1. Removal of the smear layer and etching of dentine
2. Priming of the dentine surface
3. Bonding of the primed dentine surface to the restorative material

=== Removal of the smear layer and dentine etching ===

A dentine conditioning agent is used initially, to remove the smear layer resulting from the preparation of a cavity and, to alter the dentine surface by partially demineralising the intertubulary dentine. This partially demineralised dentine acts as a hollow scaffolding which can be perfused with the primer. Over-etching (as well as over-drying) of the dentine can lead to collapse of the collagen network, making infiltration of the primer more challenging. However, sclerosed dentine requires a longer time of exposure to the dentine conditioner compared to healthy dentine. Some dentine conditioners contain a chemical called glutaraldehyde, which reinforces the collagen matrix, preventing its collapse.

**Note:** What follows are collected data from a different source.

lemma graded_sum_UNIV:
  assumes "X \<subseteq> A0" "Y \<subseteq> A1" and sum: "{x + y | x y. x \<in> X \<and> y \<in> Y} = UNIV"
  shows "A0 \<subseteq> X" "A1 \<subseteq> Y"
proof -
  have "x \<in> X \<and> y \<in> Y" if "x \<in> A0" "y \<in> A1" for x y
  proof -
    have "x + y \<in> {x + y | x y. x \<in> X \<and> y \<in> Y}"
      unfolding sum by simp
    then obtain x' y' where x'y': "x' \<in> X" "y' \<in> Y" "x + y = x' + y'"
      by blast
    then have "x' \<in> A0" "y' \<in> A1"
      using assms(1,2) by auto
    then have "x = x'" "y = y'"
      using parts_unique[OF that] parts_unique[of x' y'] x'y'(3) by metis+
    then show ?thesis
      using x'y' by simp
  qed
  then show "A0 \<subseteq> X" "A1 \<subseteq> Y"
    using subspace_0[OF subspace_A0] subspace_0[OF subspace_A1] by auto
qed

definition orth :: "'v set \<Rightarrow> 'v set" where
  "orth X = {v. \<forall>w\<in>X. B v w = 0}"

lemma subspace_orth: "subspace (orth X)"
  unfolding orth_def subspace_def by (simp add: B_linear)

definition odd_functional :: "'v \<Rightarrow> 'v \<Rightarrow> 'k" where
  "odd_functional a = (\<lambda>z. if z \<in> A0 then B z a else 0)"

lemma odd_functional_dual: "odd_functional a \<in> dual_space scale A0"
  unfolding dual_space_def odd_functional_def
  using subspace_add[OF subspace_A0] subspace_scale[OF subspace_A0] by (auto simp: B_linear)

lemma odd_functional_inj: "inj_on odd_functional A1"
proof (rule inj_onI)
  fix a b assume ab: "a \<in> A1" "b \<in> A1" "odd_functional a = odd_functional b"
  have "a - b = 0"
  proof (rule B_nondeg_odd)
    show "a - b \<in> A1"
      using ab subspace_diff[OF subspace_A1] by blast
    show "B x (a - b) = 0" if "x \<in> A0" for x
      using fun_cong[OF ab(3), of x] that unfolding odd_functional_def by (simp add: B_linear)
  qed
  then show "a = b"
    by simp
qed
lemma relpowp_shorten_by_multiple:
  assumes "0 < l" and walk: "(P ^^ m) p r" and "l * card Q \<le> m"
  shows "\<exists>m'<m. l dvd m - m' \<and> (P ^^ m') p r"
proof -
  obtain e where e: "\<forall>i<l. 0 < e i"
    "\<forall>I\<subseteq>{..<l}. sum e I \<le> m \<and> (P ^^ (m - sum e I)) p r"
    using relpowp_removable_cycles[OF walk assms(3)] by blast
  obtain j i where ji: "j < i" "i \<le> l" "l dvd sum e {j..<i}"
    using consecutive_sum_dvd[OF assms(1)] by blast
  have "e j \<le> sum e {j..<i}" using ji by (intro member_le_sum) auto
  then have "0 < sum e {j..<i}" using e(1) ji by (meson less_le_trans)
  moreover have "{j..<i} \<subseteq> {..<l}" using ji by auto
  then have "sum e {j..<i} \<le> m \<and> (P ^^ (m - sum e {j..<i})) p r"
    using e(2) by blast
  ultimately show ?thesis using ji(3) by (intro exI[of _ "m - sum e {j..<i}"]) auto
qed

lemma relpowp_short_congruent:
  assumes "0 < l"
  shows "(P ^^ m) p r \<Longrightarrow> \<exists>m' < l * card Q. m' mod l = m mod l \<and> (P ^^ m') p r"
proof (induction m rule: less_induct)
  case (less m)
  show ?case
  proof (cases "m < l * card Q")
    case False
    then obtain m1 where m1: "m1 < m" "l dvd m - m1" "(P ^^ m1) p r"
      using relpowp_shorten_by_multiple[OF assms less.prems] by auto
    then have "m mod l = m1 mod l" using mod_eq_dvd_iff_nat[OF less_imp_le[OF m1(1)]] by simp
    then show ?thesis using less.IH[OF m1(1) m1(3)] by simp
  qed (use less.prems in blast)
qed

Some common dentine conditioners include:
- phosphoric acid
- nitric acid
- maleic acid
- citric acid
- ethylene diamine tetra-acetic acid (EDTA)

== Dentin bonding ==

=== How does dentinal bonding occur? ===
Dentin bonding refers to process of bonding a resin to conditioned dentin, where mineral component is replaced with resin monomers to form a biocomposite comprising dentin collagen and cured resin. The adhesive-dentin interface forms a tight and permanent bond between dentin and composite resins.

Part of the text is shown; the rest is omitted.